== Work instruction ==
Look through the records below for the line with "f1_abs_growth[OF \<epsilon> c Xn(1)] ." and the line with "c\<bar> < \<epsilon>", then return those lines and all lines between, exactly.

* * *

(* Let $X$, $Z$ be topological vector spaces, $C\subseteq Z$ a nonempty closed convex cone with $C^-\neq\{0\}$, $f:X\to\mathcal{F}(Z,C)$ convex and $x_0\in{\rm dom\,} f$. If $f$ is lattice-bounded above on a neighborhood of $x_0$, or efficient at $x_0$, or upper lattice-semicontinuous at $x_0$, or lower continuous at $x_0$, then $f$ has the corresponding property (lattice-bounded above on a neighborhood of $x$, efficient at $x$, upper lattice-semicontinuous at $x$, lower continuous at $x$, respectively) at every $x\in\operatorname{Int}({\rm dom\,} f)$.
   Context: $\mathcal{F}(Z,C)=\{A\subseteq Z\colon A=\operatorname{cl}(A+C)\}$ (empty set included); $C^-=\{z^*\in Z^*\colon z^*(z)\le0\ \forall z\in C\}$; ${\rm dom\,} f=\{x\colon f(x)\neq\emptyset\}$. $f$ is convex iff $tf(x_1)+(1-t)f(x_2)\subseteq f(tx_1+(1-t)x_2)$ for all $x_1,x_2$, $t\in(0,1)$. Lattice-bounded above on $M$: there is $a\in Z$ with $a\in f(x)$ for all $x\in M$. Efficient at $x_0$: there exist a neighborhood $U$ of $x_0$ and a bounded set $B\subseteq Z$ (absorbed by every neighborhood of $0$) with $f(x)\cap B\neq\emptyset$ for all $x\in U$. Upper lattice-semicontinuous at $x_0$: $f(x_0)\subseteq\operatorname{cl}\bigcup_{U\in\mathcal{N}(x_0)}\bigcap_{x\in U}f(x)$, $\mathcal{N}(x_0)$ the neighborhoods of $x_0$. Lower continuous at $x_0$: for every $z_0\in f(x_0)$ and every neighborhood $V$ of $z_0$ there is a neighborhood $U$ of $x_0$ with $f(x)\cap V\neq\emptyset$ for all $x\in U$. *)

theory Defs
  imports "HOL-Analysis.Analysis"
begin

definition is_tvs :: "('a::{real_vector,topological_space}) itself \<Rightarrow> bool" where
  "is_tvs _ \<longleftrightarrow>
     continuous_on UNIV (\<lambda>p::'a \<times> 'a. fst p + snd p) \<and>
     continuous_on UNIV (\<lambda>p::real \<times> 'a. fst p *\<^sub>R snd p)"

definition nbhds :: "'a::topological_space \<Rightarrow> 'a set set" where
  "nbhds x = {U. \<exists>V. open V \<and> x \<in> V \<and> V \<subseteq> U}"

definition msum :: "'a::real_vector set \<Rightarrow> 'a set \<Rightarrow> 'a set" where
  "msum A B = {a + b | a b. a \<in> A \<and> b \<in> B}"

definition FZC :: "'z::{real_vector,topological_space} set \<Rightarrow> 'z set set" where
  "FZC C = {A. A = closure (msum A C)}"

definition neg_dual_cone :: "'z::{real_vector,topological_space} set \<Rightarrow> ('z \<Rightarrow> real) set" where
  "neg_dual_cone C = {g. linear g \<and> continuous_on UNIV g \<and> (\<forall>z\<in>C. g z \<le> 0)}"

definition sv_dom :: "('x \<Rightarrow> 'z set) \<Rightarrow> 'x set" where
  "sv_dom f = {x. f x \<noteq> {}}"
section \<open>Ultradifferentiable classes\<close>

lemma seminorm_finite_iff:
  assumes "\<And>k. N k > 0" "\<rho> > 0"
  shows "seminorm_finite N K \<rho> f \<longleftrightarrow> (\<exists>A>0. \<forall>x\<in>K. \<forall>k. deriv_norm k f x \<le> A * (fact k * \<rho> ^ k * N k))"
proof -
  have le_iff: "deriv_norm k f x / (fact k * \<rho> ^ k * N k) \<le> A \<longleftrightarrow> deriv_norm k f x \<le> A * (fact k * \<rho> ^ k * N k)"
    for k x A using assms by (simp add: pos_divide_le_eq)
  show ?thesis
  proof
    assume "seminorm_finite N K \<rho> f"
    then obtain A where "\<forall>x\<in>K. \<forall>k. deriv_norm k f x / (fact k * \<rho> ^ k * N k) \<le> A"
      unfolding seminorm_finite_def bdd_above_def by blast
    then have "\<forall>x\<in>K. \<forall>k. deriv_norm k f x \<le> max A 1 * (fact k * \<rho> ^ k * N k)"
      by (meson le_iff max.cobounded1 order.trans)
    then show "\<exists>A>0. \<forall>x\<in>K. \<forall>k. deriv_norm k f x \<le> A * (fact k * \<rho> ^ k * N k)"
      by (intro exI[of _ "max A 1"]) auto
  next
    assume "\<exists>A>0. \<forall>x\<in>K. \<forall>k. deriv_norm k f x \<le> A * (fact k * \<rho> ^ k * N k)"
    then show "seminorm_finite N K \<rho> f"
      unfolding seminorm_finite_def bdd_above_def using le_iff by blast
  qed
qed

lemma compact_image_smooth_on_set:
  assumes "smooth_on_set U g" "compact K" "K \<subseteq> U"
  shows "compact (g ` K)"
  using assms by (intro compact_continuous_image continuous_on_subset[OF smooth_on_set_imp_continuous_on])
text \<open>Critical points of a sequence g_n with g_n' \<rightarrow> f' uniformly, chosen in the
  window of a minimum c of f, converge to c, by the linear growth of f' there.\<close>

lemma critical_points_converge:
  fixes G1 :: "nat \<Rightarrow> real \<Rightarrow> real" and X :: "nat \<Rightarrow> real"
  assumes \<epsilon>: "window_radius \<epsilon>" and c: "c \<in> crit" "0 < f2 c"
    and U1: "uniform_limit {a..b} G1 f1 sequentially"
    and X: "\<forall>n\<ge>N. X n \<in> {c-\<epsilon>..c+\<epsilon>} \<and> G1 n (X n) = 0"
  shows "X \<longlonglongrightarrow> c"
  unfolding tendsto_iff
proof (intro allI impI)
  fix e :: real assume "0 < e"
  have "\<forall>\<^sub>F n in sequentially. \<forall>x\<in>{a..b}. dist (G1 n x) (f1 x) < \<epsilon> * e"
    using U1 \<open>0 < e\<close> window_radius_pos[OF \<epsilon>] unfolding uniform_limit_iff by simp
  moreover have "\<forall>\<^sub>F n in sequentially. N \<le> n" by (simp add: eventually_ge_at_top)
  ultimately show "\<forall>\<^sub>F n in sequentially. dist (X n) c < e"
  proof eventually_elim
    case (elim n)
    have Xn: "X n \<in> {c-\<epsilon>..c+\<epsilon>}" "G1 n (X n) = 0" using X elim by auto
    have "X n \<in> {a..b}" using window_subset[OF \<epsilon> c(1)] Xn(1) by auto
    then have "\<bar>f1 (X n)\<bar> < \<epsilon> * e" using elim Xn(2) by (force simp: dist_real_def)
    moreover have "\<epsilon> * \<bar>X n - c\<bar> \<le> \<bar>f1 (X n)\<bar>" using f1_abs_growth[OF \<epsilon> c Xn(1)] .
    ultimately have "\<epsilon> * \<bar>X n - c\<bar> < \<epsilon> * e" by linarith
    then show ?case using window_radius_pos[OF \<epsilon>] by (simp add: dist_real_def)
  qed
qed
lemma jtp_sets_with_card:
  "{B \<in> jtp_sets L i. card B = m} =
     (if tri_int (int m - int L) \<le> i then beta_sets m (i - tri_int (int m - int L)) else {})"
proof (cases "tri_int (int m - int L) \<le> i")
  case False
  have "tri m \<le> \<Sum>B" if "B \<in> jtp_sets L i" "card B = m" for B
    using that tri_card_le_sum[of B] by (simp add: jtp_sets_def)
  then show ?thesis
    using False by (force simp: jtp_sets_def)
qed (auto simp: jtp_sets_def beta_sets_def)

lemma jtp_prod_nth_eq_sum_jtp_sets:
  fixes x y :: "'a::field"
  assumes "x * y = 1" "i \<le> M" "M < L"
  shows "((\<Prod>k\<in>{0..M}. 1 - fps_const x * fps_X ^ k) * (\<Prod>k\<in>{1..M}. 1 - fps_const y * fps_X ^ k)) $ i =
    (\<Sum>B\<in>jtp_sets L i. (-x) powi (int (card B) - int L))"
proof -
  have weight: "(-x) ^ a * (-y) ^ c = (-x) powi (int a - int c)" for a c
  proof -
    have "x \<noteq> 0" and y: "-y = inverse (-x)"
      using assms(1) inverse_unique[OF assms(1)] by auto
    then have "(-x) powi (int a - int c) = (-x) ^ a * inverse ((-x) ^ c)"
      by (simp add: power_int_diff divide_inverse)
    also have "inverse ((-x) ^ c) = (-y) ^ c"
      by (simp only: y power_inverse)
    finally show ?thesis ..
  qed
  have "((\<Prod>k\<in>{0..M}. 1 - fps_const x * fps_X ^ k) * (\<Prod>k\<in>{1..M}. 1 - fps_const y * fps_X ^ k)) $ i =
      (\<Sum>(A, C)\<in>{(A, C)\<in>Pow {0..M} \<times> Pow {1..M}. \<Sum>A + \<Sum>C = i}. (-x) ^ card A * (-y) ^ card C)"
    by (rule fps_mult_nth_eq_sum_pairs) (simp_all add: prod_one_minus_X_power_nth)
  also have "{(A, C)\<in>Pow {0..M} \<times> Pow {1..M}. \<Sum>A + \<Sum>C = i} = jtp_pairs M i"
    by (auto simp: jtp_pairs_def)
  also have "(\<Sum>(A, C)\<in>jtp_pairs M i. (-x) ^ card A * (-y) ^ card C) =
      (\<Sum>p\<in>jtp_pairs M i. (-x) powi (int (card (jtp_set L p)) - int L))"
  proof (intro sum.cong refl, clarify)
    fix A C assume "(A, C) \<in> jtp_pairs M i"
    then have "finite A" "C \<subseteq> {1..L}"
      using assms(3) finite_subset by (auto simp: jtp_pairs_def)
    then show "(-x) ^ card A * (-y) ^ card C = (-x) powi (int (card (jtp_set L (A, C))) - int L)"
      using jtp_set_card_sum(2) weight by simp
  qed
  also have "\<dots> = (\<Sum>B\<in>jtp_sets L i. (-x) powi (int (card B) - int L))"
    by (rule sum.reindex_bij_betw[OF bij_betw_jtp_set[OF assms(2,3)]])
  finally show ?thesis .
qed

definition theta_fps :: "nat \<Rightarrow> 'a::field \<Rightarrow> 'a fps" where
  "theta_fps M x = (\<Sum>j=-int M..int M+1. fps_const ((-x) powi j) * fps_X ^ tri_int j)"

lemma theta_fps_mult_beta_fps_nth:
  "(theta_fps M x * beta_fps M 1) $ i = (\<Sum>j=-int M..int M+1.
     (-x) powi j * (if tri_int j \<le> i then of_nat (card (beta_sets M (i - tri_int j))) else 0))"
  unfolding theta_fps_def sum_distrib_right fps_sum_nth
  by (intro sum.cong refl) (simp add: mult.assoc fps_X_power_mult_nth beta_fps_def)

lemma card_jtp_sets_charge:
  assumes "i \<le> M" "j \<in> {-int M..int M+1}"
  shows "card {B \<in> jtp_sets (2 * M + 2) i. int (card B) - int (2 * M + 2) = j} =
    (if tri_int j \<le> i then card (beta_sets M (i - tri_int j)) else 0)"
proof -
  define m where "m = nat (int (2 * M + 2) + j)"
  have "{B \<in> jtp_sets (2 * M + 2) i. int (card B) - int (2 * M + 2) = j} =
      {B \<in> jtp_sets (2 * M + 2) i. card B = m}"
    using assms(2) by (auto simp: m_def)
  moreover have "int m - int (2 * M + 2) = j" "i - tri_int j \<le> m"
    using assms by (auto simp: m_def)
  ultimately show ?thesis
    using assms card_beta_sets_stable[of "i - tri_int j" m M] by (simp add: jtp_sets_with_card)
qed

lemma sum_jtp_sets_eq_theta_beta_nth:
  fixes x :: "'a::field"
  assumes "i \<le> M"
  shows "(\<Sum>B\<in>jtp_sets (2 * M + 2) i. (-x) powi (int (card B) - int (2 * M + 2))) =
    (theta_fps M x * beta_fps M 1) $ i"
proof -
  define L where "L = 2 * M + 2"
  define R where "R = {-int M..int M+1}"
  have "finite (jtp_pairs M i)"
    by (rule finite_subset[of _ "Pow {0..M} \<times> Pow {1..M}"]) (auto simp: jtp_pairs_def)
  then have fin: "finite (jtp_sets L i)"
    using bij_betw_finite[OF bij_betw_jtp_set[OF assms]] by (simp add: L_def)
  have "tri_int (int (card B) - int L) \<le> i" if "B \<in> jtp_sets L i" for B
    using that tri_card_le_sum[of B] by (simp add: jtp_sets_def)
  then have range: "(\<lambda>B. int (card B) - int L) ` jtp_sets L i \<subseteq> R"
    using assms tri_int_le_imp_range by (fastforce simp: R_def)
  have "(\<Sum>B\<in>jtp_sets L i. (-x) powi (int (card B) - int L)) =
      (\<Sum>j\<in>R. \<Sum>B\<in>{B \<in> jtp_sets L i. int (card B) - int L = j}. (-x) powi j)"
    by (subst sum.group[symmetric, OF fin _ range]) (auto simp: R_def intro!: sum.cong)
  also have "\<dots> = (theta_fps M x * beta_fps M 1) $ i"
    unfolding theta_fps_mult_beta_fps_nth R_def
  proof (intro sum.cong refl)
    fix j assume "j \<in> {-int M..int M+1}"
    then show "(\<Sum>B\<in>{B \<in> jtp_sets L i. int (card B) - int L = j}. (-x) powi j) =
        (-x) powi j * (if tri_int j \<le> i then of_nat (card (beta_sets M (i - tri_int j))) else 0)"
      using card_jtp_sets_charge[OF assms, of j] by (simp add: L_def mult.commute)
  qed
  finally show ?thesis
    by (simp add: L_def)
qed

theorem jacobi_triple_product_nth:
  fixes x y :: "'a::field"
  assumes "x * y = 1" "i \<le> M"
  shows "(fps_const (1 - x) *
      (\<Prod>k\<in>{1..M}. (1 - fps_X ^ k) * (1 - fps_const x * fps_X ^ k) * (1 - fps_const y * fps_X ^ k))) $ i =
    theta_fps M x $ i"
proof -
  let ?Q = "\<Prod>k\<in>{1..M}. 1 - fps_X ^ k :: 'a fps"
  let ?U = "(\<Prod>k\<in>{0..M}. 1 - fps_const x * fps_X ^ k) * (\<Prod>k\<in>{1..M}. 1 - fps_const y * fps_X ^ k)"
  have "(\<Prod>k\<in>{0..M}. 1 - fps_const x * fps_X ^ k) =
      fps_const (1 - x) * (\<Prod>k\<in>{1..M}. 1 - fps_const x * fps_X ^ k)"
  proof -
    have "{0..M} = insert 0 {1..M}"
      by auto
    then show ?thesis
      by (simp add: fps_const_sub[symmetric])
  qed
  then have "?U * ?Q = fps_const (1 - x) *
      (\<Prod>k\<in>{1..M}. (1 - fps_X ^ k) * (1 - fps_const x * fps_X ^ k) * (1 - fps_const y * fps_X ^ k))"
    by (simp add: prod.distrib ac_simps)
  moreover have "beta_fps M 1 * ?Q = 1"
    using geom_fps_inverse[of _ "1::'a"]
    by (simp add: beta_fps_eq_prod prod.distrib[symmetric] mult.commute)
  moreover have "(?U * ?Q) $ i = (theta_fps M x * beta_fps M 1 * ?Q) $ i"
  proof (rule fps_mult_nth_cong)
    fix t assume "t \<le> i"
    then show "?U $ t = (theta_fps M x * beta_fps M 1) $ t"
      using assms jtp_prod_nth_eq_sum_jtp_sets[OF assms(1), of t M "2 * M + 2"]
        sum_jtp_sets_eq_theta_beta_nth[of t M x] by simp
  qed
  ultimately show ?thesis
    by (simp add: mult.assoc)
qed

section \<open>Vanishing at fifth roots of unity\<close>

lemma sum_fifth_roots_eq_0:
  fixes z :: "'a::idom"
  assumes "z ^ 5 = 1" "z \<noteq> 1"
  shows "1 + z + z^2 + z^3 + z^4 = 0"
proof -
  have "(z - 1) * (1 + z + z^2 + z^3 + z^4) = z^5 - 1"
    by (simp add: algebra_simps eval_nat_numeral)
  then show ?thesis
    using assms by simp
qed

lemma prod_one_minus_fifth_roots:
  fixes z Y :: "'a::comm_ring_1"
  assumes "1 + z + z^2 + z^3 + z^4 = 0"
  shows "(1 - Y) * (1 - z * Y) * (1 - z^2 * Y) * (1 - z^3 * Y) * (1 - z^4 * Y) = 1 - Y^5"
proof -
  have z5: "z^5 = 1"
  proof -
    have "(z - 1) * (1 + z + z^2 + z^3 + z^4) = z^5 - 1"
      by (simp add: algebra_simps eval_nat_numeral)
    then show ?thesis
      using assms by simp
  qed
  define p q where "p = z + z^4" and "q = z^2 + z^3"
  have "p + q = -1"
    using assms by (simp add: p_def q_def algebra_simps eq_neg_iff_add_eq_0)
  moreover have "p * q = -1"
  proof -
    have "p * q = z^3 + z^4 + z^5 * z + z^5 * z^2"
      by (simp add: p_def q_def algebra_simps eval_nat_numeral)
    then show ?thesis
      using assms z5 by (simp add: algebra_simps eq_neg_iff_add_eq_0)
  qed
  moreover have "(1 - Y) * (1 - z * Y) * (1 - z^2 * Y) * (1 - z^3 * Y) * (1 - z^4 * Y) =
      (1 - Y) * (1 - p * Y + z^5 * Y^2) * (1 - q * Y + z^5 * Y^2)"
    by (simp add: p_def q_def algebra_simps eval_nat_numeral)
  moreover have "(1 - Y) * (1 - p * Y + Y^2) * (1 - q * Y + Y^2) =
      1 - Y^5 + (p + q + 1) * (Y^4 - Y) + (p + q + 1 + p * q + 1) * (Y^2 - Y^3)"
    by (simp add: algebra_simps eval_nat_numeral)
  ultimately show ?thesis
    using z5 by simp
qed
(* Let $\mathbf i,\mathbf i'\in I^{(\infty)}$ be related by a 6-move $\mathbf i'=\zeta_k\mathbf i$. Then $$\widetilde B^{\mathbf i'}=\sigma_{k+4}\sigma_{k+2}\sigma_k\,\mu_k\mu_{k+3}\mu_{k+2}\mu_k\mu_{k+1}\mu_{k+3}\mu_k\mu_{k+2}\mu_{k+1}\mu_k\,\widetilde B^{\mathbf i}$$ (mutations applied right to left: in directions $k,k+1,k+2,k,k+3,k+1,k,k+2,k+3,k$, then the permutations).
   Context: Let $\mathfrak g$ be a complex finite-dimensional simple Lie algebra with index set $I$ and Cartan matrix $\mathsf C=(\mathsf c_{i,j})_{i,j\in I}$. $\mathbb N=\{1,2,\dots\}$, $[a]_+=\max(a,0)$. $I^{(\infty)}$ is the set of sequences $\mathbf i=(i_u)_{u\in\mathbb N}\in I^{\mathbb N}$ in which every element of $I$ occurs infinitely often; $u^+=\min\{v>u:i_v=i_u\}$, $u^-=\max(\{v<u:i_v=i_u\}\cup\{0\})$. The exchange matrix $\widetilde B^{\mathbf i}=(b_{u,v})_{u,v\in\mathbb N}$: $b_{u,v}=1$ if $v=u^+$; $-1$ if $v=u^-$; $\mathsf c_{i_u,i_v}$ if $u<v<u^+<v^+$; $-\mathsf c_{i_u,i_v}$ if $v<u<v^+<u^+$; $0$ otherwise. Matrix mutation: $\mu_k(\widetilde B)=E\widetilde BF$ with $e_{u,v}=\delta_{u,v}$ ($v\ne k$), $e_{k,k}=-1$, $e_{u,k}=[-b_{u,k}]_+$ ($u\ne k$), $f_{u,v}=\delta_{u,v}$ ($u\ne k$), $f_{k,k}=-1$, $f_{k,v}=[b_{k,v}]_+$ ($v\ne k$). For a permutation $\pi$ of $\mathbb N$, $(\pi\widetilde B)_{u,v}=b_{\pi^{-1}(u),\pi^{-1}(v)}$; $\sigma_k$ is the transposition of $k,k+1$. A 6-move $\mathbf i'=\zeta_k\mathbf i$ means $i_k=i_{k+2}=i_{k+4}=i'_{k+1}=i'_{k+3}=i'_{k+5}$, $i_{k+1}=i_{k+3}=i_{k+5}=i'_k=i'_{k+2}=i'_{k+4}$, $i_u=i'_u$ for $u\notin[k,k+5]$, and $\mathsf c_{i_{k+1},i_k}\mathsf c_{i_k,i_{k+1}}=3$ (so $\mathfrak g$ is of type $G_2$). *)

theory Defs
  imports Complex_Main "HOL-Library.Infinite_Set"
begin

* * *

== Solution for this problem ==
    moreover have "\<epsilon> * \<bar>X n - c\<bar> \<le> \<bar>f1 (X n)\<bar>" using f1_abs_growth[OF \<epsilon> c Xn(1)] .
    ultimately have "\<epsilon> * \<bar>X n - c\<bar> < \<epsilon> * e" by linarith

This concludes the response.